Whenever the string "forall" turns up in a line below, that line should be copied.

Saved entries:
******

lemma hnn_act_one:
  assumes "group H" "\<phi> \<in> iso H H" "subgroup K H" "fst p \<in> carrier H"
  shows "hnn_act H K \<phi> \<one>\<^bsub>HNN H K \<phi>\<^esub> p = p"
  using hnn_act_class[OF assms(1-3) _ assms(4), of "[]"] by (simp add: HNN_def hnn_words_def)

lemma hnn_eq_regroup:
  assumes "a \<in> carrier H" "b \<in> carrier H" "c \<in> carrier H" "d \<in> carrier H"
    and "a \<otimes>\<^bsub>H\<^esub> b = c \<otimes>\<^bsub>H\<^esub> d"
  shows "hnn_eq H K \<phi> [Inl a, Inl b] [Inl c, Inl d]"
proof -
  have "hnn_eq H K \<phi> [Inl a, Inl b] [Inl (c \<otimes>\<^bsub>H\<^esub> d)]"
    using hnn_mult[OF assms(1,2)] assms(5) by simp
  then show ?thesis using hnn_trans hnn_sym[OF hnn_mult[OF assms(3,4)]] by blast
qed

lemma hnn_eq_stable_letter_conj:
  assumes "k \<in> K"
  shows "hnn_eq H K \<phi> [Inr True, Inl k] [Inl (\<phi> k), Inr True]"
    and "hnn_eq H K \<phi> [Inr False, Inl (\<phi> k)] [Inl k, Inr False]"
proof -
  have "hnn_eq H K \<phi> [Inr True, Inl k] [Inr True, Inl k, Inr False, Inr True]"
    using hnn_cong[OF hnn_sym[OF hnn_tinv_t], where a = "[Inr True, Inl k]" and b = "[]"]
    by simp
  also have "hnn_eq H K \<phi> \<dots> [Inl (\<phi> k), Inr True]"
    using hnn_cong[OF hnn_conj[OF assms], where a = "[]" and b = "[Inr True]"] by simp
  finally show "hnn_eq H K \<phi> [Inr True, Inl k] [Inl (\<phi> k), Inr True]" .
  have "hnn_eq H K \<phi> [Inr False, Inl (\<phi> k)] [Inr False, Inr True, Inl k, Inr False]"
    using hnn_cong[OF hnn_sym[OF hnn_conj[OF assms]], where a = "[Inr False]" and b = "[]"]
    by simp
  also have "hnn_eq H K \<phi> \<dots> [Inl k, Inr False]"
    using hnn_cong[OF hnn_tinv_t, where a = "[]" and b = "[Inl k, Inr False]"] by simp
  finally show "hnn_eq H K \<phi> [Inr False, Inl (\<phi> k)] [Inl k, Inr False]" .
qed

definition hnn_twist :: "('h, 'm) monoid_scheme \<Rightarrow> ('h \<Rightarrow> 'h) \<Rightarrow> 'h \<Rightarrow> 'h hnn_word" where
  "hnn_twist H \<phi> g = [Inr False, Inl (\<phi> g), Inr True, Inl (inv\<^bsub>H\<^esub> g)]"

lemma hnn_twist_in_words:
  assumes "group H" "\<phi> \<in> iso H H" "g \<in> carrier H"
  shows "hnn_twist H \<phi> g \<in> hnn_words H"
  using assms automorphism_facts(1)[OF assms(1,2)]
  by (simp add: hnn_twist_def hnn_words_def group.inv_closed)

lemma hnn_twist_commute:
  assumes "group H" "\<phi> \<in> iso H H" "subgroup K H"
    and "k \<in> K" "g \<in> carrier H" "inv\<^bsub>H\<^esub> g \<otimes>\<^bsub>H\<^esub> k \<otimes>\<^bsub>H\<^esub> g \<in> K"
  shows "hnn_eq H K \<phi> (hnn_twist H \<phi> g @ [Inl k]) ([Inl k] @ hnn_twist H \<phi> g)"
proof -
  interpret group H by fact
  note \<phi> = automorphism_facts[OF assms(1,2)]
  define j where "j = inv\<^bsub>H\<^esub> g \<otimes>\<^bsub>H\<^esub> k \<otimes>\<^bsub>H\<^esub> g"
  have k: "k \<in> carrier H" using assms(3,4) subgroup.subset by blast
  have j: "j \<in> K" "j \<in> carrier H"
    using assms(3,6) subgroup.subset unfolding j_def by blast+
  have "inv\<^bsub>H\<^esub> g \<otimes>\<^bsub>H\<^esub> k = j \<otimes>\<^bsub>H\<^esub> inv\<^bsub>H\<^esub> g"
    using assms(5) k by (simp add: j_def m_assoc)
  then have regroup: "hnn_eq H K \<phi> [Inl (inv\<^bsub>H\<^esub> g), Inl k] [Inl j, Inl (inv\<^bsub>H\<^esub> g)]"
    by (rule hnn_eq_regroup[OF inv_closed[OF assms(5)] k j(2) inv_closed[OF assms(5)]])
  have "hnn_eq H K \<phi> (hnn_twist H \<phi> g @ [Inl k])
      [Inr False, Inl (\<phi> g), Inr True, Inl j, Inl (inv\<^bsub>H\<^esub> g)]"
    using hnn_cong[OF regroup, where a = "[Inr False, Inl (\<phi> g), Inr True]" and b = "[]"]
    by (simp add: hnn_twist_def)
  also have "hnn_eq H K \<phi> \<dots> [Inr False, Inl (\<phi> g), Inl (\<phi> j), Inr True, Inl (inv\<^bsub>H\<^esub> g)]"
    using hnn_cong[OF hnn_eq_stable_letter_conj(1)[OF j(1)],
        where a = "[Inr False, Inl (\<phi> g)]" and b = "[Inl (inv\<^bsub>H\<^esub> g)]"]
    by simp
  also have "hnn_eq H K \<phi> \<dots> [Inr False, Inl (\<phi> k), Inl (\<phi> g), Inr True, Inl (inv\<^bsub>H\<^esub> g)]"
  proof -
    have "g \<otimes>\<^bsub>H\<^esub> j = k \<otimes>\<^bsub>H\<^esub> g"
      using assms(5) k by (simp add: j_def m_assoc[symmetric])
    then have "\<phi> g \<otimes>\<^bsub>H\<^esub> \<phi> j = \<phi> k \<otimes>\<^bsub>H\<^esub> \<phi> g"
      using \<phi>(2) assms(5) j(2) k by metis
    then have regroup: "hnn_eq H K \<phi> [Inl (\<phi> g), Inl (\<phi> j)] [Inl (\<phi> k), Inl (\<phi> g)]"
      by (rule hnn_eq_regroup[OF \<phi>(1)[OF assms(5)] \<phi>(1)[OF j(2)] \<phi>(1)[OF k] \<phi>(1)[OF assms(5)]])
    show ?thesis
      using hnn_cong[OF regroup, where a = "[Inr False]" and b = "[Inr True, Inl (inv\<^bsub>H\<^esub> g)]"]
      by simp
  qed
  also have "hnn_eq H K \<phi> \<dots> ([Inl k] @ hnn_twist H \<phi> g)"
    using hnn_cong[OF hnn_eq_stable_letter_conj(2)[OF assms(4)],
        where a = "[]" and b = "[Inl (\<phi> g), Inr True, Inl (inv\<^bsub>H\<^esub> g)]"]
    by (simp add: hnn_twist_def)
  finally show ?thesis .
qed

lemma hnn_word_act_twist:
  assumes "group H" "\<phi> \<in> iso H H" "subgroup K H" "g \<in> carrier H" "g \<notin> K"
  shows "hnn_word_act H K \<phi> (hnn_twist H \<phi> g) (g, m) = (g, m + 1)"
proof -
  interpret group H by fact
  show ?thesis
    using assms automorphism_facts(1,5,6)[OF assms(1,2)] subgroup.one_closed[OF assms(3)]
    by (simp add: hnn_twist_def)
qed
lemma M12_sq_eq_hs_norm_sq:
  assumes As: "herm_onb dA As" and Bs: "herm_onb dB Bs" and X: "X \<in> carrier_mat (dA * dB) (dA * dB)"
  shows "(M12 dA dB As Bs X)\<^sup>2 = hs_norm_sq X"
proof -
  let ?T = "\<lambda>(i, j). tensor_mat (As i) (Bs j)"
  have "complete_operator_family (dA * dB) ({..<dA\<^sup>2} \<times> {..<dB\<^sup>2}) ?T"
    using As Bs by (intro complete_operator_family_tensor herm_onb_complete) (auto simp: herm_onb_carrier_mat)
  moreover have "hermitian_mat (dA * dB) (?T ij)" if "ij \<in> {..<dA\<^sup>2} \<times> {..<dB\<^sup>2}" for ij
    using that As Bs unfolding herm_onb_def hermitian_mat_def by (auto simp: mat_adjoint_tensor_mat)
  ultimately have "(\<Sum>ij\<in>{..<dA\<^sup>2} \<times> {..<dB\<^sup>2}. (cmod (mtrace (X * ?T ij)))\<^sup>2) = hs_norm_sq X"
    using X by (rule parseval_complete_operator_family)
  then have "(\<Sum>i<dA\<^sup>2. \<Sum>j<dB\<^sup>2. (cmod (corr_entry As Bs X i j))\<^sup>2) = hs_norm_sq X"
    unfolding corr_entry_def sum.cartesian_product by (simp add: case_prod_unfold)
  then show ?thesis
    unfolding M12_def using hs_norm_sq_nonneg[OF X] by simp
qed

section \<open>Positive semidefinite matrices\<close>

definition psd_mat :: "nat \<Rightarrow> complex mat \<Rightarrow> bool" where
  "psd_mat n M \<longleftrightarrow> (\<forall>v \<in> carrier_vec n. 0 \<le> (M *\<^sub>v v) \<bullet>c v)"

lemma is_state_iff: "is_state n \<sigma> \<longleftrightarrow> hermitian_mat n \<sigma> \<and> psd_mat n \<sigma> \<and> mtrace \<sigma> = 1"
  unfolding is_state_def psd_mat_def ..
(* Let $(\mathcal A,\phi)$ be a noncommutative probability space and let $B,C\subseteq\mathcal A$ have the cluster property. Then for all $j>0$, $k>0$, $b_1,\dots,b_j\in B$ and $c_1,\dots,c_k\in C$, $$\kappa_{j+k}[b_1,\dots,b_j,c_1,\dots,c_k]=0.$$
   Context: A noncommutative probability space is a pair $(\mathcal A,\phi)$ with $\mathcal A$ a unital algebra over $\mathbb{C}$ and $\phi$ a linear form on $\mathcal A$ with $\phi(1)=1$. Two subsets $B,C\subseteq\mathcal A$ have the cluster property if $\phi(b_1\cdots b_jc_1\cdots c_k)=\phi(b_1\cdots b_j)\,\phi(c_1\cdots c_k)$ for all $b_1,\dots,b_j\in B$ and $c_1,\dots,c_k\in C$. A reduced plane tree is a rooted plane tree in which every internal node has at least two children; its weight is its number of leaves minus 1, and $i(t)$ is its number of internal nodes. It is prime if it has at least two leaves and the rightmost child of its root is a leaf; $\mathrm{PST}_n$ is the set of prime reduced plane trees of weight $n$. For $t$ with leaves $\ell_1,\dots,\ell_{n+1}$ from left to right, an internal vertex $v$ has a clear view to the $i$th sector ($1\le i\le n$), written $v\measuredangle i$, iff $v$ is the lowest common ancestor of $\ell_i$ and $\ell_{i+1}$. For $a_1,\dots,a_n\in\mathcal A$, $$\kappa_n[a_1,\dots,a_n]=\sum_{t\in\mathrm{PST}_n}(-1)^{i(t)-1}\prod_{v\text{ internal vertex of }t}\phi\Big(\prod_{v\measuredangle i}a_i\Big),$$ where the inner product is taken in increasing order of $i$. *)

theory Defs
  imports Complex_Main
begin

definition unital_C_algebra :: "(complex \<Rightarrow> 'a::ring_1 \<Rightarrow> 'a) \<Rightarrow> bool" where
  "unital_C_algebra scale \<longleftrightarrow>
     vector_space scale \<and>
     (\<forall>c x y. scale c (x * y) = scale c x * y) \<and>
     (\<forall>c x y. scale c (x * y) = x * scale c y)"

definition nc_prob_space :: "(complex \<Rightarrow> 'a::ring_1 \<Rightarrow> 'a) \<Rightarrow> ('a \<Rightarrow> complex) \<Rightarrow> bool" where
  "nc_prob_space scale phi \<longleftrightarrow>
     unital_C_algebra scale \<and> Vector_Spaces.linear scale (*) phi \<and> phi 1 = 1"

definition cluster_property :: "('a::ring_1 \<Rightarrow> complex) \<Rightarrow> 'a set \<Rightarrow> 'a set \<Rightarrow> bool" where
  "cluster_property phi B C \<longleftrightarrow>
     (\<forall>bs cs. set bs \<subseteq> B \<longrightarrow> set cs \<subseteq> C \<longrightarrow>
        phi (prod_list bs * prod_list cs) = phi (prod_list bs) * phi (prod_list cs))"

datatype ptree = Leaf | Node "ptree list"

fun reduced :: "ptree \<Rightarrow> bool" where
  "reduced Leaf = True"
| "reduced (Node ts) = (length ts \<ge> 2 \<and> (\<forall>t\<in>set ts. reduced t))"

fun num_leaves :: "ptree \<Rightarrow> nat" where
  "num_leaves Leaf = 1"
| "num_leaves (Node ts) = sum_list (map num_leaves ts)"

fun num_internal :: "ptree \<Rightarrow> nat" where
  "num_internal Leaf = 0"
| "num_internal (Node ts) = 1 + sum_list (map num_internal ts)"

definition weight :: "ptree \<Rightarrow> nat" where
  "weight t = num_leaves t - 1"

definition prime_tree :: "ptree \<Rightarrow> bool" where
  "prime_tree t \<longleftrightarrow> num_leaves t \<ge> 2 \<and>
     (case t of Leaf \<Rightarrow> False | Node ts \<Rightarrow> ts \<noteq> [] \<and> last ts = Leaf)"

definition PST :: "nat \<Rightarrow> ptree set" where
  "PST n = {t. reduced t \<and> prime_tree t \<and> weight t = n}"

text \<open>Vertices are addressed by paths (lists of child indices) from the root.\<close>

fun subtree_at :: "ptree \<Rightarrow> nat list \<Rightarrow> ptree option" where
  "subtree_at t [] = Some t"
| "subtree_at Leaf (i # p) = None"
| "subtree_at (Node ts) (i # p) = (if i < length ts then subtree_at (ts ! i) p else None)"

******

## Expected output
  "psd_mat n M \<longleftrightarrow> (\<forall>v \<in> carrier_vec n. 0 \<le> (M *\<^sub>v v) \<bullet>c v)"
     (\<forall>c x y. scale c (x * y) = scale c x * y) \<and>
     (\<forall>c x y. scale c (x * y) = x * scale c y)"
     (\<forall>bs cs. set bs \<subseteq> B \<longrightarrow> set cs \<subseteq> C \<longrightarrow>
| "reduced (Node ts) = (length ts \<ge> 2 \<and> (\<forall>t\<in>set ts. reduced t))"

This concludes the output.